Kellie Smart’s topic was Capturing the Aura, despite her topic not having much to do with the themes I’m exploring, I still found some of the photographers she had bought up interesting in relation to the aesthetics I’m hoping to achieve.

Smart was exploring nostalgia and one of the photographers she bought up was Sally Mann and her project ‘Southern Landscapes’. Mann is well known to experiment with alternative processes and this body of work is not exception; Mann explored the landscapes of Virginia, Mississippi and Georgia. By using a large format camera, with damaged lenses, she used the technique of wet collodion plates to create haunting landscape images that merge the past and present. These techniques create atmospheric images that really capture a ghostly past, they look aged like they are relics from the past and explore memories imbedded within a landscape.  These sort of aesthetics to me, look like a memory, something from the past that has been damaged over time, similarly to a memory I suppose, although these images are not very old (late 1990’s) the unpredictable process of wet collodion plate creates this distorted deteriorating effects.
This images contain a lot of emotion, they feel personal especially when we learn the lengthy handcrafted process Mann went to produce these, something that couldn’t be replicated on digital.


Holly Constantine – ‘Remembrance – Landscape Photography and Memory’

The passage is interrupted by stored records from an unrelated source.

theorem lemma3p8:
  fixes X :: "real mat" and n m k :: nat and S :: "nat set"
  assumes X: "X \<in> carrier_mat n m" and nm: "n \<le> m" and fr: "full_rank X"
    and S: "S \<subseteq> {0..<m}" and cardS: "card S = k" and nk: "n \<le> k" and km: "k \<le> m"
    and frS: "full_rank (cols_sub X S)"
  shows "((frob_norm (pinv (cols_sub X S)))^2 =
           (\<Sum>i<n. det (cols_sub (del_row X i) S * transpose_mat (cols_sub (del_row X i) S)))
           / det (cols_sub X S * transpose_mat (cols_sub X S))) \<and>
         (k = n \<longrightarrow>
           (frob_norm (pinv (cols_sub X S)))^2 \<le>
           (spec_norm (pinv X))^2 *
           ((\<Sum>j<m. \<Sum>i<n. (det (replace_col (cols_sub X S) (col X j) i))^2)
            / (det (cols_sub X S))^2)) \<and>
         (k = n \<longrightarrow> X * transpose_mat X = 1\<^sub>m n \<longrightarrow>
           (frob_norm (pinv (cols_sub X S)))^2 =
           (spec_norm (pinv X))^2 *
           ((\<Sum>j<m. \<Sum>i<n. (det (replace_col (cols_sub X S) (col X j) i))^2)
            / (det (cols_sub X S))^2))"
proof -
  define XS where "XS = cols_sub X S"
  have XS: "XS \<in> carrier_mat n k"
    using cols_sub_carrier[OF X S] cardS unfolding XS_def by simp
  have dXS: "det (XS * transpose_mat XS) \<noteq> 0"
    by (rule full_rank_det_gram_nonzero[OF XS nk frS[folded XS_def]])
  note pinvX = pinv_right_inverse[OF X full_rank_det_gram_nonzero[OF X nm fr]]
  let ?R = "(\<Sum>j<m. \<Sum>i<n. (det (replace_col XS (col X j) i))\<^sup>2) / (det XS)\<^sup>2"
  have "(frob_norm (pinv XS))\<^sup>2 \<le> (spec_norm (pinv X))\<^sup>2 * ?R \<and>
      (X * transpose_mat X = 1\<^sub>m n \<longrightarrow> (frob_norm (pinv XS))\<^sup>2 = (spec_norm (pinv X))\<^sup>2 * ?R)"
    if "k = n"
  proof -
    have XSn: "XS \<in> carrier_mat n n"
      using XS that by simp
    note pinvXS = pinv_right_inverse[OF XSn dXS]
    have "?R = (frob_norm (pinv XS * X))\<^sup>2"
      by (rule sum_det_replace_col_power2[OF XSn pinvXS X])
    then show ?thesis
      using frob_norm_power2_le_right_inverse[OF pinvXS(1) X pinvX]
        frob_norm_power2_eq_orthonormal_rows[OF pinvXS(1) X] by simp
  qed
  then show ?thesis
    using frob_norm_pinv_cols_sub[OF X dXS[unfolded XS_def]] unfolding XS_def by auto
qed

end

This was obviously an important talk to listen to as Constantine explores the link between a Landscape and memory and the role of a ‘place’ in retrieving a forgotten memory.
A reverie memory is something associated with a pleasant past experience, but these memories can become fragmented, mixed up with other memories or faded which almost creates a completely different memory all together, a fantasy memory.
Constantine describes the role of a landscape as a memory trigger, by visiting landscapes that are connected to a past experience, seeing the landscape can retrieve the memory although it may not be in its original form. A mix of memory, imagination and other events can re-create what appears to be a memory into a whole different montage-like recollection.

On my first shoot with Catherine, this wasn’t entirely the case. On the way up to the location she could recall many memories and events that happened there from her childhood, her memories seemed to be quite clear and well formed, but when we reached the area that she used to sit in as a child, it was obvious that stronger memories were starting to connect with the sight in front of her. She managed to recall the differences between the past landscape and the present, like the sounds, the surrounding areas, trees that used to be there, it wasn’t so much that a particular memory had been uncovered but the memory of the general experience had become a lot stronger. This may be because she sees this landscape, from a distance, regularly as its behind her parents house, It was once we had gotten through the overgrowth to the tree that she started to form strong recollections, somewhere she hasn’t seen in at least 10 years.
This makes me question whether the regular sight of the landscape dulls our pathway to older memories of the place, newer memories placing the old ones, perhaps its the sight of the actual landscape that brings our fragmented memory crashing down, which triggers the stronger memories to the childhood?

Constantine explained that she believes a memory couldn’t be recollected in its full form, she described it like a jigsaw where parts start to come together as you’re experiencing the landscape.

This Symposium has given me a lot of ideas of how a memory is recollected, especially in regards to a landscape and its role as a ‘memory trigger’
The processes I have put my film through to cause manipulation in my work is to resemble the fragmentation of a memory, when I think about my memories I cannot see a defined edge I see cloudy edges if anything at all. Constantine’s theory of not being able to recollect the full memory all at once and it being mixed up and fragmented with other memories are all things I certainly agree with from experience, especially childhood memories.